Let me out— it purred.
No.
The creature roiled inside my gut, bristling and hackling that I was denying it freedom.
It roared— LET ME OUT!
I snarled back— NO!
I had to keep it bound and hidden. If the Horned Gods discovered what I was. That my family had shielded me all these years… Entire Houses had been wiped out for less.
The creature slammed against my mind, against my will, pounding me as if I were a brick wall.
I squeezed my eyes shut and held onto the adamere bracelet with all my might, squeezing the beads so tightly in my palms I was sure they’d bruise— My roots are deep, my strength is stone, my breath the wind. I bow to none.
I needed to reach that place that kept everything in check.

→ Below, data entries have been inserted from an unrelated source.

(* Let $\mathbb{R}^d=V\oplus W$ with $\dim V=\ell$ and $\dim W=d-\ell$. Let $K\subseteq V$ and $L\subseteq W$ be convex bodies (in $V$ and $W$ respectively) that contain the origin, and let $\Lambda\subseteq V$ and $\Gamma\subseteq W$ be lattices. Then for every $i\in\{1,\dots,d\}$, $$\mu_i(K\oplus L,\Lambda\oplus\Gamma)=\max_{\substack{0\le j\le \ell\\ 0\le i-j\le d-\ell}}\Big(\mu_j(K,\Lambda)+\mu_{i-j}(L,\Gamma)\Big).$$
   Context: A convex body in a real vector space is a full-dimensional compact convex subset; a lattice is a full-rank discrete subgroup. The direct sum of $K\subseteq V$ and $L\subseteq W$ (both containing the origin) is $K\oplus L=\{\lambda x+(1-\lambda)y: x\in K,\ y\in L,\ \lambda\in[0,1]\}\subseteq\mathbb{R}^d$, and $\Lambda\oplus\Gamma=\{a+b: a\in\Lambda,\ b\in\Gamma\}$. For a $k$-dimensional real vector space $E$, a lattice $\Gamma'\subseteq E$, a convex body $C\subseteq E$ and $i\in\{1,\dots,k\}$, the $i$-th covering minimum is $\mu_i(C,\Gamma')=\min\{\mu\ge 0: (\mu C+\Gamma')\cap U\neq\emptyset$ for every affine subspace $U\subseteq E$ of dimension $k-i\}$; by convention $\mu_0(C,\Gamma')=0$. Covering minima of $K,\Lambda$ are taken in $V$, those of $L,\Gamma$ in $W$. *)

theory Defs
  imports "HOL-Analysis.Analysis"
begin

definition convex_body_in :: "'a::euclidean_space set \<Rightarrow> 'a set \<Rightarrow> bool" where
  "convex_body_in E C \<longleftrightarrow> C \<subseteq> E \<and> compact C \<and> convex C \<and> aff_dim C = int (dim E)"

definition lattice_in :: "'a::euclidean_space set \<Rightarrow> 'a set \<Rightarrow> bool" where
  "lattice_in E G \<longleftrightarrow> G \<subseteq> E \<and> 0 \<in> G \<and> (\<forall>x\<in>G. \<forall>y\<in>G. x + y \<in> G) \<and> (\<forall>x\<in>G. - x \<in> G)
     \<and> (\<exists>e>0. \<forall>x\<in>G. x \<noteq> 0 \<longrightarrow> e \<le> norm x) \<and> span G = E"

definition dil_plus :: "real \<Rightarrow> 'a::euclidean_space set \<Rightarrow> 'a set \<Rightarrow> 'a set" where
  "dil_plus \<mu> C G = {\<mu> *\<^sub>R c + g | c g. c \<in> C \<and> g \<in> G}"

definition covering_minimum :: "'a::euclidean_space set \<Rightarrow> 'a set \<Rightarrow> 'a set \<Rightarrow> nat \<Rightarrow> real" where
  "covering_minimum E C G i = (if i = 0 then 0 else
     Inf {\<mu>. \<mu> \<ge> 0 \<and> (\<forall>U. U \<subseteq> E \<and> affine U \<and> U \<noteq> {} \<and> aff_dim U = int (dim E) - int i
            \<longrightarrow> dil_plus \<mu> C G \<inter> U \<noteq> {})})"

definition direct_sum_set :: "'a::euclidean_space set \<Rightarrow> 'a set \<Rightarrow> 'a set" where
  "direct_sum_set K L = {t *\<^sub>R x + (1 - t) *\<^sub>R y | t x y. x \<in> K \<and> y \<in> L \<and> 0 \<le> t \<and> t \<le> 1}"

definition lattice_sum :: "'a::euclidean_space set \<Rightarrow> 'a set \<Rightarrow> 'a set" where
  "lattice_sum A B = {a + b | a b. a \<in> A \<and> b \<in> B}"

end

theory Submission
  imports Defs
begin

text \<open>
  An affine subspace U of codimension i splits along V \<oplus> W: its projection to W along V is a flat
  of codimension k in W, and over each point of that projection U contains a translate of a flat
  of codimension j = i - k in V. Hitting the projection with \<mu>2 L + \<Gamma> and then the fibre with
  \<mu>1 K + \<Lambda> gives a point of U in (\<mu>1 + \<mu>2) (K \<oplus> L) + \<Lambda> \<oplus> \<Gamma>; this is the upper bound.

  Conversely, take flats U1 \<subseteq> V and U2 \<subseteq> W of codimensions j and i - j that miss \<nu> K + \<Lambda> for
  all \<nu> \<le> \<mu>_j(K, \<Lambda>) - \<delta>, resp. \<nu> L + \<Gamma> for all \<nu> \<le> \<mu>_(i-j)(L, \<Gamma>) - \<delta>. Then U1 + U2 has
  codimension i, and a point \<mu> (t x + (1 - t) y) + a + b of it decomposes uniquely as
  (t \<mu> x + a) + ((1 - t) \<mu> y + b) with summands in U1 and U2, so one of t \<mu> and (1 - t) \<mu> exceeds
  its threshold and \<mu> > \<mu>_j(K, \<Lambda>) + \<mu>_(i-j)(L, \<Gamma>) - 2 \<delta>.
\<close>

definition flat_in :: "'a::euclidean_space set \<Rightarrow> int \<Rightarrow> 'a set \<Rightarrow> bool" where
  "flat_in E n U \<longleftrightarrow> U \<subseteq> E \<and> affine U \<and> U \<noteq> {} \<and> aff_dim U = n"

definition meets_all_flats ::
    "'a::euclidean_space set \<Rightarrow> 'a set \<Rightarrow> 'a set \<Rightarrow> nat \<Rightarrow> real \<Rightarrow> bool" where
  "meets_all_flats E C G k \<mu> \<longleftrightarrow>
     (\<forall>U. flat_in E (int (dim E) - int k) U \<longrightarrow> dil_plus \<mu> C G \<inter> U \<noteq> {})"

lemma covering_minimum_eq_Inf:
  "k \<noteq> 0 \<Longrightarrow> covering_minimum E C G k = Inf {\<mu>. 0 \<le> \<mu> \<and> meets_all_flats E C G k \<mu>}"
  unfolding covering_minimum_def meets_all_flats_def flat_in_def by simp

lemma flat_in_aff_dim_bounds:
  assumes "subspace E" "flat_in E n U"
  shows "0 \<le> n" "n \<le> int (dim E)"
  using assms aff_dim_subset[of U E] aff_dim_negative_iff[of U]
  by (auto simp: flat_in_def aff_dim_subspace)

lemma flat_in_dim_eq:
  assumes "subspace E" "flat_in E (int (dim E)) U"
  shows "U = E"
  using assms affine_dim_equal[of U E]
  by (simp add: flat_in_def subspace_imp_affine aff_dim_subspace)

lemma flat_in_translation_subspace:
  assumes "subspace E" "subspace S" "S \<subseteq> E" "a \<in> E"
  shows "flat_in E (int (dim S)) ((+) a ` S)"
  unfolding flat_in_def
  using assms subspace_0[OF assms(2)] affine_translation[THEN iffD1, OF subspace_imp_affine]
  by (auto simp: aff_dim_translation_eq aff_dim_subspace subspace_add)
(* Let $p\in(0,1)$ and let $f\colon(\{0,1\}^n,\mu_p)\to\{0,1\}$ with $\mu_p(f)>0$ and $m=m(f)>1/p^2$. If for some $S\subseteq[n]$ with $|S|\le\frac{1}{4p}$ we have $\frac{\mu_p(f_{S\to0})}{\mu_p(f)}<\frac14$, then $\mu_p(f)<\exp(-0.001\sqrt m)$.
   Context: $\mu_p$ is the $p$-biased product measure on $\{0,1\}^n$, $\mu_p(f)=\mathbb{E}_{\mu_p}f$, and $f_{S\to0}$ is the restriction fixing all coordinates in $S$ to $0$ (its measure is the $\mu_p$-expectation over the remaining coordinates). With $\chi_i(x)=\frac{x_i-p}{\sqrt{p(1-p)}}$, $\hat f(\{i\})=\mathbb{E}_{\mu_p}[f\chi_i]$; $\delta=\max_i|\hat f(\{i\})|$ and $m(f)=|\{i:\hat f(\{i\})^2\ge\delta^2/2\}|$. *)

theory Defs
  imports Complex_Main
begin

text \<open>Points of the cube {0,1}^I are encoded as subsets x of the coordinate set I
  (x = set of coordinates equal to 1). Boolean functions are f :: nat set => bool.\<close>

definition pmeasure :: "real \<Rightarrow> nat set \<Rightarrow> (nat set \<Rightarrow> real) \<Rightarrow> real" where
  "pmeasure p I g = (\<Sum>x\<in>Pow I. p ^ card x * (1 - p) ^ (card I - card x) * g x)"

definition mu :: "real \<Rightarrow> nat \<Rightarrow> (nat set \<Rightarrow> bool) \<Rightarrow> real" where
  "mu p n f = pmeasure p {..<n} (\<lambda>x. of_bool (f x))"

The thing inside me writhed and hissed and yowled. It fought with fangs and claws. Let me out! Let me out! Let me out!
NO! —I screamed.
And just like that—I lost my grip on the creature.
Its senses swirled outward—
Blind panic erupted, and I mentally scrambled, lurching forward to grab hold and reel it back in—
Too late, too late. I’d been noticed.
Undiluted fear slammed into me.
Master Sirro’s head whipped around. I remained mostly hidden from his sight, but I could feel his senses searching down the line of Houses, those near-invisible wisps of power rolling like fog down the steps of the dais, creeping like black crawling insects through the rows of Houses, testing and tasting.
I felt someone else’s attention.
I peered around Ferne, who stood to my right. Across from us, standing amongst her family, Elyse Estlore’s gaze shot to me.
My heart jolted .
There was strain on her face. Her golden skin had paled, and she fixed her unnerving stare on mine.
Oh my gods, she didn’t recognize what’s inside me, did she?
Lyressa and Urstlo hungrily fixated on the tithe, on her pure soul shining like a beacon. But Master Sirro was still searching for me, a furrow between his brows. He folded one arm over his chest, while his other hand curled beneath his chin, stroking through the bristles of his short neat beard with a crooked finger, brushing back and forth along his jawline.
Narrowed golden eyes bounced between the Estlores and Crowthers.
Inside, that familiar fizzing feeling bubbled in my veins and under my skin, as if I was going to erupt like a ripe peach split and full of juice. My chest fell and rose with short panicked breaths. I gritted my teeth, trying to keep the gasp for oxygen from resounding in the cold, airy space.
I was breaking apart. I didn’t know how much longer I could keep it together.
I trembled with the effort, my adamere bracelet shivering with me as the creature fought to free itself. Fat drops of sweat rolled from my temples like tears. Gods, it was so powerful. I knew how powerful it could be.
Gripping my beads tighter, as tight as my hold on the thing thrashing around inside me, I willed it back down, begged it to hide— My roots are deep, my strength is stone, my breath the wind. I bow to none.